Selain itu, pembentukan gugus tugas pengawasan lapangan memperlihatkan pendekatan yang lebih proaktif dalam menjaga distribusi energi bersubsidi. Kehadiran tim gabungan di berbagai daerah dapat membantu mendeteksi potensi pelanggaran lebih cepat sekaligus meningkatkan kepatuhan para pelaku usaha dan konsumen. Pengawasan yang kuat juga akan memperkuat kepercayaan publik bahwa anggaran subsidi yang berasal dari keuangan negara benar-benar digunakan untuk kepentingan masyarakat luas.
Pandangan yang disampaikan Anggota Komisi XII DPR RI, Sartono Hutomo, mengenai pentingnya ketahanan energi juga layak menjadi perhatian. Ketahanan energi tidak hanya berkaitan dengan ketersediaan pasokan, tetapi juga menyangkut kemampuan negara memastikan distribusi yang aman, andal, tepat sasaran, dan berkeadilan. Dalam konteks ini, sinergi antara DPR, Kementerian ESDM, BPH Migas, Pertamina, serta berbagai pemangku kepentingan lainnya menjadi faktor kunci keberhasilan.
Pada akhirnya, keputusan mempertahankan harga BBM subsidi dan LPG 3 kilogram merupakan bentuk nyata kehadiran negara dalam melindungi masyarakat rentan. Kebijakan ini memberikan ruang bagi masyarakat untuk tetap menjaga daya beli dan mempertahankan aktivitas ekonomi di tengah tantangan global yang belum sepenuhnya mereda.
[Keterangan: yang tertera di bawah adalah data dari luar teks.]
definition gauss_vec :: "nat \<Rightarrow> (nat \<Rightarrow> real) measure" where
  "gauss_vec m = PiM {1..m} (\<lambda>_. density lborel std_normal_density)"

definition g_w :: "nat \<Rightarrow> (nat \<Rightarrow> real) \<Rightarrow> real \<Rightarrow> real" where
  "g_w m w v = measure (gauss_vec m) {Z \<in> space (gauss_vec m). V_w m w Z \<le> ereal v}"

definition dominates :: "nat \<Rightarrow> (nat \<Rightarrow> real) \<Rightarrow> (nat \<Rightarrow> real) \<Rightarrow> bool" where
  "dominates m w w' \<longleftrightarrow> (\<forall>v\<ge>0. g_w m w v \<le> g_w m w' v)"

definition plurality :: "nat \<Rightarrow> nat \<Rightarrow> real" where
  "plurality m i = (if i = 1 then 1 else 0)"

definition antiplurality :: "nat \<Rightarrow> nat \<Rightarrow> real" where
  "antiplurality m i = (if i = m then 0 else 1)"

definition borda :: "nat \<Rightarrow> nat \<Rightarrow> real" where
  "borda m i = (real m - real i) / (real m - 1)"

end

theory Submission
  imports Defs "HOL-Combinatorics.List_Permutation"
begin

(* V_w(Z) is the supremum of the linear form (l, u) |-> l (rho_1 - mean) + u (mean - rho_2) over
   the scaled set c_w M_w, with c_w = sigma_w (m/(m-1))^(1/2); so enlarging c_w M_w enlarges V_w
   pointwise and lowers g_w.  For plurality, M_w is the triangle 0 <= l <= u <= 1 and c_w = 1/sqrt m.
   A rule with scores in [0, 1] contains the triangle scaled by k in M_w as soon as
   k (w_(i+1) + 1 - w_i) <= 1 for all i.  Antiplurality has the same c_w and these sums are at most 1;
   for Borda they all equal (m-2)/(m-1) and c_w = sqrt(m(m+1)/12)/(m-1), which reduces the claim to
   12 (m-2)^2 <= m^2 (m+1).  Finally, the comparison of measures needs the sublevel sets of the
   plurality V_w to be measurable: there V_w <= v only has to be checked at the three vertices of
   the triangle, and the two top order statistics are Borel as maxima of minima of coordinates. *)

definition offdiag :: "'a set \<Rightarrow> ('a \<times> 'a) set" where
  "offdiag A = {(i, j). i \<in> A \<and> j \<in> A \<and> i \<noteq> j}"

lemma finite_offdiag: "finite A \<Longrightarrow> finite (offdiag A)"
  unfolding offdiag_def by (rule finite_subset[of _ "A \<times> A"]) auto

lemma offdiag_image:
  assumes "inj_on f A"
  shows "map_prod f f ` offdiag A = offdiag (f ` A)"
proof
  show "map_prod f f ` offdiag A \<subseteq> offdiag (f ` A)"
    using assms by (auto simp: offdiag_def inj_on_eq_iff)
  show "offdiag (f ` A) \<subseteq> map_prod f f ` offdiag A"
    by (auto simp: offdiag_def)
qed

lemma sort_desc_nth_mono:
  fixes xs :: "'a::linorder list"
  assumes "i \<le> j" "j < length xs"
  shows "rev (sort xs) ! j \<le> rev (sort xs) ! i"
  using assms by (simp add: rev_nth sorted_nth_mono)

lemma sort_desc_nth0_eq_Max:
  fixes xs :: "'a::linorder list"
  assumes "xs \<noteq> []"
  shows "rev (sort xs) ! 0 = Max (set xs)"
proof (rule Max_eqI[symmetric])
  show "y \<le> rev (sort xs) ! 0" if "y \<in> set xs" for y
  proof -
    from that obtain j where "j < length xs" "y = rev (sort xs) ! j"
      by (metis in_set_conv_nth length_rev length_sort set_rev set_sort)
    then show ?thesis using sort_desc_nth_mono[of 0 j xs] by simp
  qed
  show "rev (sort xs) ! 0 \<in> set xs"
    using assms by (metis length_greater_0_conv length_rev length_sort nth_mem set_rev set_sort)
qed simp
lemma wass_close_fsupp_selection:
  assumes "\<zeta> \<in> FinP X" "finite D" "D \<subseteq> fsupp \<zeta>" "\<forall>a\<in>D. \<delta> a > 0"
  shows "\<exists>e>0. \<forall>\<zeta>'\<in>FinP X. wass \<zeta> \<zeta>' < e \<longrightarrow>
           (\<exists>f. \<forall>a\<in>D. f a \<in> fsupp \<zeta>' \<and> dist a (f a) < \<delta> a)"
proof -
  define e where "e = Min (insert 1 ((\<lambda>a. \<zeta> a * \<delta> a) ` D))"
  have pos: "\<zeta> a > 0" if "a \<in> D" for a
    using assms(1,3) that by (auto simp: FinP_def fsupp_def less_le)
  then have "e > 0"
    using assms(2,4) by (simp add: e_def)
  moreover have "\<exists>f. \<forall>a\<in>D. f a \<in> fsupp \<zeta>' \<and> dist a (f a) < \<delta> a"
    if \<zeta>': "\<zeta>' \<in> FinP X" "wass \<zeta> \<zeta>' < e" for \<zeta>'
  proof -
    have "\<exists>b. b \<in> fsupp \<zeta>' \<and> dist a b < \<delta> a" if a: "a \<in> D" for a
    proof -
      have "e \<le> \<zeta> a * \<delta> a"
        using assms(2) a by (simp add: e_def)
      then have "wass \<zeta> \<zeta>' < \<zeta> a * \<delta> a"
        using \<zeta>'(2) by linarith
      then obtain b where "b \<in> fsupp \<zeta>'" "dist a b < \<delta> a"
        by (rule wass_less_imp_near_fsupp[OF assms(1) \<zeta>'(1) pos[OF a]])
      then show ?thesis
        by blast
    qed
    then show ?thesis
      by (rule bchoice[OF ballI])
  qed
  ultimately show ?thesis
    by blast
qed

lemma P_mu_lift_to_nearby_fsupp:
  assumes U_open: "\<forall>i<n. openin (top_of_set X) (U i)"
    and U_disjoint: "\<forall>i<n. \<forall>j<n. i \<noteq> j \<longrightarrow> U i \<inter> U j = {}"
    and U_in_W: "\<exists>w\<in>W. (\<Union>i<n. U i) \<subseteq> w"
    and \<zeta>: "\<zeta> \<in> FinP X"
    and \<nu>: "\<nu> \<in> P_mu X W \<mu> U n \<epsilon>" "fsupp \<nu> \<subseteq> fsupp \<zeta>"
    and "d > 0"
  shows "\<exists>e>0. \<forall>\<zeta>'\<in>FinP X. wass \<zeta> \<zeta>' < e \<longrightarrow>
           (\<exists>\<nu>'\<in>P_mu X W \<mu> U n \<epsilon>. fsupp \<nu>' \<subseteq> fsupp \<zeta>' \<and> wass \<nu> \<nu>' < d)"
proof -
  have \<nu>_FinP: "\<nu> \<in> FinP X" and \<nu>_U: "fsupp \<nu> \<subseteq> (\<Union>i<n. U i)"
    using \<nu>(1) unfolding P_mu_def VietM_def by blast+
  then have fin: "finite (fsupp \<nu>)"
    by (simp add: FinP_def)
  have "\<forall>a\<in>fsupp \<nu>. \<exists>\<rho>>0. \<forall>b\<in>X. dist a b < \<rho> \<longrightarrow> (\<forall>i<n. b \<in> U i \<longleftrightarrow> a \<in> U i)"
    using disjoint_openin_family_locally_constant[OF U_open U_disjoint] \<nu>_U by blast
  from bchoice[OF this] obtain \<rho> where \<rho>: "\<forall>a\<in>fsupp \<nu>. \<rho> a > 0 \<and>
      (\<forall>b\<in>X. dist a b < \<rho> a \<longrightarrow> (\<forall>i<n. b \<in> U i \<longleftrightarrow> a \<in> U i))"
    by blast
  \<comment> \<open>\<open>\<rho> a\<close> keeps the moved atom in its \<open>U\<^sub>i\<close>, \<open>d / 2\<close> keeps the push-forward near \<open>\<nu>\<close>.\<close>
  define \<delta> where "\<delta> a = min (\<rho> a) (d / 2)" for a
  have "\<forall>a\<in>fsupp \<nu>. \<delta> a > 0"
    using \<rho> \<open>d > 0\<close> by (simp add: \<delta>_def)
  then obtain e where "e > 0" and select: "\<forall>\<zeta>'\<in>FinP X. wass \<zeta> \<zeta>' < e \<longrightarrow>
      (\<exists>f. \<forall>a\<in>fsupp \<nu>. f a \<in> fsupp \<zeta>' \<and> dist a (f a) < \<delta> a)"
    using wass_close_fsupp_selection[OF \<zeta> fin \<nu>(2)] by blast
  have "\<exists>\<nu>'\<in>P_mu X W \<mu> U n \<epsilon>. fsupp \<nu>' \<subseteq> fsupp \<zeta>' \<and> wass \<nu> \<nu>' < d"
    if \<zeta>': "\<zeta>' \<in> FinP X" "wass \<zeta> \<zeta>' < e" for \<zeta>'
  proof -
    obtain f where f: "\<forall>a\<in>fsupp \<nu>. f a \<in> fsupp \<zeta>' \<and> dist a (f a) < \<delta> a"
      using select \<zeta>' by blast
    have f_X: "f ` fsupp \<nu> \<subseteq> X"
      using f \<zeta>'(1) by (auto simp: FinP_def)
    have "\<forall>a\<in>fsupp \<nu>. \<forall>i<n. f a \<in> U i \<longleftrightarrow> a \<in> U i"
    proof
      fix a assume a: "a \<in> fsupp \<nu>"
      then have "f a \<in> X" "dist a (f a) < \<rho> a"
        using f f_X by (auto simp: \<delta>_def)
      then show "\<forall>i<n. f a \<in> U i \<longleftrightarrow> a \<in> U i"
        using \<rho> a by blast
    qed
    then have "fpush \<nu> f \<in> P_mu X W \<mu> U n \<epsilon>"
      by (rule fpush_in_P_mu[OF \<nu>(1) U_in_W f_X])
    moreover have "fsupp (fpush \<nu> f) \<subseteq> fsupp \<zeta>'"
      using fsupp_fpush[of \<nu> f] f by blast
    moreover have "wass \<nu> (fpush \<nu> f) \<le> d / 2"
      by (rule wass_fpush_le[OF \<nu>_FinP]) (use f in \<open>auto simp: \<delta>_def\<close>)
    ultimately show ?thesis
      using \<open>d > 0\<close> by (intro bexI[of _ "fpush \<nu> f"]) auto
  qed
  then show ?thesis
    using \<open>e > 0\<close> by blast
qed
definition sf_submodular :: "'a set set \<Rightarrow> ('a set \<Rightarrow> real) \<Rightarrow> bool" where
  "sf_submodular B \<phi> \<longleftrightarrow>
     (\<forall>X\<in>B. \<forall>Y\<in>B. \<phi> X + \<phi> Y \<ge> \<phi> (X \<inter> Y) + \<phi> (X \<union> Y))"

definition sf_cont_above :: "'a set set \<Rightarrow> ('a set \<Rightarrow> real) \<Rightarrow> bool" where
  "sf_cont_above B \<phi> \<longleftrightarrow>
     (\<forall>X :: nat \<Rightarrow> 'a set. range X \<subseteq> B \<longrightarrow> decseq X \<longrightarrow>
        (\<lambda>n. \<phi> (X n)) \<longlonglongrightarrow> \<phi> (\<Inter>n. X n))"

definition fin_partition :: "'a set \<Rightarrow> 'a set set \<Rightarrow> 'a set set \<Rightarrow> bool" where
  "fin_partition J B P \<longleftrightarrow> finite P \<and> P \<subseteq> B \<and> {} \<notin> P \<and> \<Union>P = J \<and> disjoint P"

definition partition_refines :: "'a set set \<Rightarrow> 'a set set \<Rightarrow> bool" where
  "partition_refines Q P \<longleftrightarrow> (\<forall>X\<in>Q. \<exists>Y\<in>P. X \<subseteq> Y)"

text \<open>Quotient phi/P: setfunction on subsets of P.\<close>
definition sf_quot :: "('a set \<Rightarrow> real) \<Rightarrow> 'a set set \<Rightarrow> real" where
  "sf_quot \<phi> S = \<phi> (\<Union>S)"

text \<open>Q_k(psi) for psi on the set-algebra (I,C); [k] = {0..<k}; a point of R^(2^k)
  is a function on subsets of [k] (extended by 0 outside Pow [k]).\<close>
definition Qk :: "nat \<Rightarrow> 'i set \<Rightarrow> 'i set set \<Rightarrow> ('i set \<Rightarrow> real) \<Rightarrow> (nat set \<Rightarrow> real) set" where
  "Qk k I C \<psi> = {(\<lambda>A. if A \<subseteq> {..<k} then \<psi> {x\<in>I. F x \<in> A} else 0) | F.
       (\<forall>x\<in>I. F x < k) \<and> (\<forall>i<k. {x\<in>I. F x = i} \<in> C)}"

definition eucl_k :: "nat \<Rightarrow> (nat set \<Rightarrow> real) \<Rightarrow> (nat set \<Rightarrow> real) \<Rightarrow> real" where
  "eucl_k k f g = sqrt (\<Sum>A\<in>Pow {..<k}. (f A - g A)^2)"

definition hausdist_k :: "nat \<Rightarrow> (nat set \<Rightarrow> real) set \<Rightarrow> (nat set \<Rightarrow> real) set \<Rightarrow> ereal" where
  "hausdist_k k S T = Inf {ereal e | e. e \<ge> 0 \<and>
      (\<forall>x\<in>S. \<exists>y\<in>T. eucl_k k x y \<le> e) \<and> (\<forall>y\<in>T. \<exists>x\<in>S. eucl_k k x y \<le> e)}"

definition quot_conv ::
  "(nat \<Rightarrow> 'i set) \<Rightarrow> (nat \<Rightarrow> 'i set set) \<Rightarrow> (nat \<Rightarrow> 'i set \<Rightarrow> real) \<Rightarrow>
   'j set \<Rightarrow> 'j set set \<Rightarrow> ('j set \<Rightarrow> real) \<Rightarrow> bool" where
  "quot_conv In Cn \<psi>n I C \<psi> \<longleftrightarrow>
     (\<forall>k. (\<lambda>n. hausdist_k k (Qk k (In n) (Cn n) (\<psi>n n)) (Qk k I C \<psi>)) \<longlonglongrightarrow> 0)"
text \<open>An object of the topos is a carrier (a type) with a realizability-valued
  equality E; quantifiers over an object are relativised to existence E x x.\<close>

definition all_in :: "('x \<Rightarrow> 'x \<Rightarrow> rset) \<Rightarrow> ('x \<Rightarrow> rset) \<Rightarrow> rset" where
  "all_in E \<Phi> = r_all (\<lambda>x. r_imp (E x x) (\<Phi> x))"

definition ex_in :: "('x \<Rightarrow> 'x \<Rightarrow> rset) \<Rightarrow> ('x \<Rightarrow> rset) \<Rightarrow> rset" where
  "ex_in E \<Phi> = r_ex (\<lambda>x. r_conj (E x x) (\<Phi> x))"

definition is_object :: "('x \<Rightarrow> 'x \<Rightarrow> rset) \<Rightarrow> bool" where
  "is_object E \<longleftrightarrow>
     r_all (\<lambda>x. r_all (\<lambda>y. r_imp (E x y) (E y x))) \<noteq> {} \<and>
     r_all (\<lambda>x. r_all (\<lambda>y. r_all (\<lambda>z. r_imp (r_conj (E x y) (E y z)) (E x z)))) \<noteq> {}"

definition nno_eq :: "nat \<Rightarrow> nat \<Rightarrow> rset" where
  "nno_eq n m = (if n = m then {\<lambda>_. n} else {})"

text \<open>Coproduct X + 1 (None is the added point).\<close>
fun sum_one_eq :: "('x \<Rightarrow> 'x \<Rightarrow> rset) \<Rightarrow> 'x option \<Rightarrow> 'x option \<Rightarrow> rset" where
  "sum_one_eq E (Some x) (Some y) = {rpair (\<lambda>_. 0) r | r. r \<in> E x y}"
| "sum_one_eq E None None = {rpair (\<lambda>_. 1) r | r. True}"
| "sum_one_eq E _ _ = {}"

definition prod_eq :: "('x \<Rightarrow> 'x \<Rightarrow> rset) \<Rightarrow> ('y \<Rightarrow> 'y \<Rightarrow> rset) \<Rightarrow> 'x \<times> 'y \<Rightarrow> 'x \<times> 'y \<Rightarrow> rset" where
  "prod_eq E1 E2 p q = r_conj (E1 (fst p) (fst q)) (E2 (snd p) (snd q))"

text \<open>Power object: strict extensional predicates.\<close>
definition strict_pred :: "('x \<Rightarrow> 'x \<Rightarrow> rset) \<Rightarrow> ('x \<Rightarrow> rset) \<Rightarrow> rset" where
  "strict_pred E \<phi> = r_all (\<lambda>x. r_imp (\<phi> x) (E x x))"

definition ext_pred :: "('x \<Rightarrow> 'x \<Rightarrow> rset) \<Rightarrow> ('x \<Rightarrow> rset) \<Rightarrow> rset" where
  "ext_pred E \<phi> = r_all (\<lambda>x. r_all (\<lambda>y. r_imp (r_conj (\<phi> x) (E x y)) (\<phi> y)))"
text \<open>The constant undefined serves as the base point p.\<close>

definition base_germ :: "('a \<Rightarrow> 'a) set \<Rightarrow> ('a cube \<Rightarrow> 'a cube) \<Rightarrow> ('a \<Rightarrow> 'a)" where
  "base_germ G h = (SOME \<gamma>. \<gamma> \<in> G \<and> twist_germ h (inv h undefined) \<gamma>)"

lemma base_germ_spec:
  assumes "h \<in> SV G"
  shows "base_germ G h \<in> G" "twist_germ h (inv h undefined) (base_germ G h)"
proof -
  have "\<exists>\<gamma>. \<gamma> \<in> G \<and> twist_germ h (inv h undefined) \<gamma>"
    using SV_finitely_many_twist_germs[OF assms] by blast
  then have "base_germ G h \<in> G \<and> twist_germ h (inv h undefined) (base_germ G h)"
    unfolding base_germ_def by (rule someI_ex)
  then show "base_germ G h \<in> G" "twist_germ h (inv h undefined) (base_germ G h)" by auto
qed

lemma base_germ_tau:
  assumes "perm_group G" "\<gamma> \<in> G"
  shows "base_germ G (tau \<gamma>) = \<gamma>"
proof -
  have "tau \<gamma> \<in> SV G" using assms by (rule tau_in_SV)
  then show ?thesis
    using base_germ_spec coordinate_germ_if_twist_germ[OF twist_germ_tau] assms
    by (metis coordinate_germ_unique perm_group_def)
qed

lemma base_germ_comp:
  assumes G: "perm_group G" and h: "h \<in> SV G" and c: "c \<in> SV G" and hc: "h \<circ> c \<in> SV G"
    and \<beta>: "\<beta> \<in> G" "twist_germ c (inv (h \<circ> c) undefined) \<beta>"
  shows "base_germ G (h \<circ> c) = base_germ G h \<circ> \<beta>"
proof -
  have bij: "bij h" "bij c" "bij \<beta>" "bij (base_germ G h)"
    using bij_SV h c \<beta>(1) base_germ_spec(1)[OF h] G by (auto simp: perm_group_def)
  have "c (inv (h \<circ> c) undefined) = inv h undefined"
    using bij by (simp add: o_inv_distrib bij_is_surj surj_f_inv_f)
  then have "coordinate_germ (h \<circ> c) (inv (h \<circ> c) undefined) (base_germ G h \<circ> \<beta>)"
    using coordinate_germ_comp coordinate_germ_if_twist_germ[OF base_germ_spec(2)[OF h]] \<beta>(2) bij
    by metis
  moreover have "bij (base_germ G (h \<circ> c))" using base_germ_spec(1)[OF hc] G by (simp add: perm_group_def)
  ultimately show ?thesis
    using coordinate_germ_unique base_germ_spec(2)[OF hc] bij bij_comp by metis
qed

lemma base_germ_lipschitz:
  assumes G: "perm_group G" and A: "generates A G" and B: "finite B" "generates B (SV G)"
  shows "\<exists>K. \<forall>h\<in>SV G. \<forall>h'\<in>SV G.
    word_dist A (base_germ G h) (base_germ G h') \<le> real K * word_dist B h h'"
proof -
  have SV: "SV G = word_prods B" and "B \<subseteq> SV G" and Gw: "G = word_prods A" and "A \<subseteq> G"
    using A B(2) by (auto simp: generates_def)
  then have bijB: "\<forall>b\<in>B. bij b" and bijA: "\<forall>a\<in>A. bij a"
    using bij_SV G unfolding perm_group_def by blast+
  have steps: "\<exists>F. finite F \<and> F \<subseteq> word_prods A \<and>
      (\<forall>h\<in>word_prods B. \<exists>\<beta>\<in>F. base_germ G (h \<circ> c) = base_germ G h \<circ> \<beta>)"
    if "c \<in> letters B" for c
  proof -
    have c: "c \<in> SV G" using that letters_subset_word_prods SV by blast
    obtain F where F: "finite F" "F \<subseteq> G" "\<forall>\<kappa>. \<exists>\<gamma>\<in>F. twist_germ c \<kappa> \<gamma>"
      using SV_finitely_many_twist_germs[OF c] by blast
    have "\<exists>\<beta>\<in>F. base_germ G (h \<circ> c) = base_germ G h \<circ> \<beta>" if h: "h \<in> SV G" for h
    proof -
      have hc: "h \<circ> c \<in> SV G" using word_prods_comp h c SV by simp
      obtain \<beta> where "\<beta> \<in> F" "twist_germ c (inv (h \<circ> c) undefined) \<beta>" using F(3) by blast
      then show ?thesis using base_germ_comp[OF G h c hc] F(2) by blast
    qed
    then show ?thesis using F(1,2) unfolding SV[symmetric] Gw[symmetric] by blast
  qed
  have "base_germ G ` word_prods B \<subseteq> word_prods A" using base_germ_spec(1) SV Gw by auto
  from word_dist_lipschitz_if_finitely_many_steps[OF B(1) bijB bijA this steps]
  show ?thesis unfolding SV .
qed

lemma tau_lipschitz:
  assumes G: "perm_group G" and A: "finite A" "generates A G" and B: "generates B (SV G)"
  shows "\<exists>L. \<forall>g\<in>G. \<forall>g'\<in>G. word_dist B (tau g) (tau g') \<le> real L * word_dist A g g'"
proof -
  have SV: "SV G = word_prods B" and "B \<subseteq> SV G" and Gw: "G = word_prods A" and "A \<subseteq> G"
    using A(2) B by (auto simp: generates_def)
  then have bijB: "\<forall>b\<in>B. bij b" and bijA: "\<forall>a\<in>A. bij a"
    using bij_SV G unfolding perm_group_def by blast+
  have bijG: "bij g" if "g \<in> word_prods A" for g using that G Gw by (simp add: perm_group_def)
  have steps: "\<exists>F. finite F \<and> F \<subseteq> word_prods B \<and>
      (\<forall>g\<in>word_prods A. \<exists>\<beta>\<in>F. tau (g \<circ> c) = tau g \<circ> \<beta>)"
    if "c \<in> letters A" for c
  proof -
    have c: "c \<in> word_prods A" using that letters_subset_word_prods by blast
    then have "tau c \<in> word_prods B" using tau_in_SV[OF G] Gw SV by simp
    moreover have "\<forall>g\<in>word_prods A. tau (g \<circ> c) = tau g \<circ> tau c"
      using tau_comp bijG c by blast
    ultimately show ?thesis by (intro exI[of _ "{tau c}"]) simp
  qed
  have "tau ` word_prods A \<subseteq> word_prods B" using tau_in_SV[OF G] Gw SV by auto
  from word_dist_lipschitz_if_finitely_many_steps[OF A(1) bijA bijB this steps]
  show ?thesis unfolding Gw .
qed

theorem theoremB:
  fixes G :: "('a \<Rightarrow> 'a) set" and A :: "('a \<Rightarrow> 'a) set"
    and B :: "('a cube \<Rightarrow> 'a cube) set"
  assumes "perm_group G"
    and "finite A" and "generates A G"
    and "finite B" and "generates B (SV G)"
  shows "(\<exists>\<rho>. \<rho> ` SV G \<subseteq> G \<and> coarse_lipschitz (SV G) (word_dist B) (word_dist A) \<rho> \<and>
              (\<forall>\<gamma>\<in>G. \<rho> (tau \<gamma>) = \<gamma>))
         \<and> quasi_retract G (word_dist A) (SV G) (word_dist B)
         \<and> tau ` G \<subseteq> SV G \<and> qi_embedding G (word_dist A) (word_dist B) tau"
proof -
  note G = assms(1)
  obtain K where \<rho>: "\<forall>h\<in>SV G. \<forall>h'\<in>SV G.
      word_dist A (base_germ G h) (base_germ G h') \<le> real K * word_dist B h h'"
    using base_germ_lipschitz[OF G assms(3,4,5)] by blast
  obtain L where \<tau>: "\<forall>g\<in>G. \<forall>g'\<in>G. word_dist B (tau g) (tau g') \<le> real L * word_dist A g g'"
    using tau_lipschitz[OF G assms(2,3,5)] by blast
  have retraction: "\<forall>\<gamma>\<in>G. base_germ G (tau \<gamma>) = \<gamma>" using base_germ_tau[OF G] by blast
  have into: "tau ` G \<subseteq> SV G" "base_germ G ` SV G \<subseteq> G" using tau_in_SV[OF G] base_germ_spec(1) by auto
  have cl_\<rho>: "coarse_lipschitz (SV G) (word_dist B) (word_dist A) (base_germ G)"
    by (rule coarse_lipschitz_if_lipschitz, fact \<rho>) (simp_all add: word_dist_nonneg)
  have cl_\<tau>: "coarse_lipschitz G (word_dist A) (word_dist B) tau"
    by (rule coarse_lipschitz_if_lipschitz, fact \<tau>) (simp_all add: word_dist_nonneg)
  have "word_dist A (base_germ G (tau \<gamma>)) \<gamma> = 0" if "\<gamma> \<in> G" for \<gamma>
    using that retraction word_dist_self G unfolding perm_group_def by metis
  then have "quasi_retract G (word_dist A) (SV G) (word_dist B)"
    unfolding quasi_retract_def using into cl_\<rho> cl_\<tau>
    by (intro exI[of _ "base_germ G"] exI[of _ tau] exI[of _ "1::real"]) simp
  moreover have "qi_embedding G (word_dist A) (word_dist B) tau"
  proof (rule qi_embedding_if_lipschitz_left_inverse)
    show "\<forall>x\<in>G. \<forall>x'\<in>G. word_dist B (tau x) (tau x') \<le> real L * word_dist A x x'" by (fact \<tau>)
    show "\<forall>y\<in>SV G. \<forall>y'\<in>SV G. word_dist A (base_germ G y) (base_germ G y') \<le> real K * word_dist B y y'"
      by (fact \<rho>)
  qed (use into retraction in \<open>simp_all add: word_dist_nonneg\<close>)
  ultimately show ?thesis using into cl_\<rho> retraction by blast
qed

end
Namun, keberhasilan kebijakan tersebut harus dibarengi dengan pengawasan yang ketat agar subsidi benar-benar sampai kepada pihak yang berhak. Dengan kombinasi antara keberpihakan pemerintah dan penguatan tata kelola distribusi, subsidi energi dapat menjadi instrumen yang efektif dalam menjaga kesejahteraan rakyat, memperkuat ketahanan ekonomi nasional, serta memastikan bahwa manfaat pembangunan dirasakan secara lebih merata oleh seluruh lapisan masyarakat.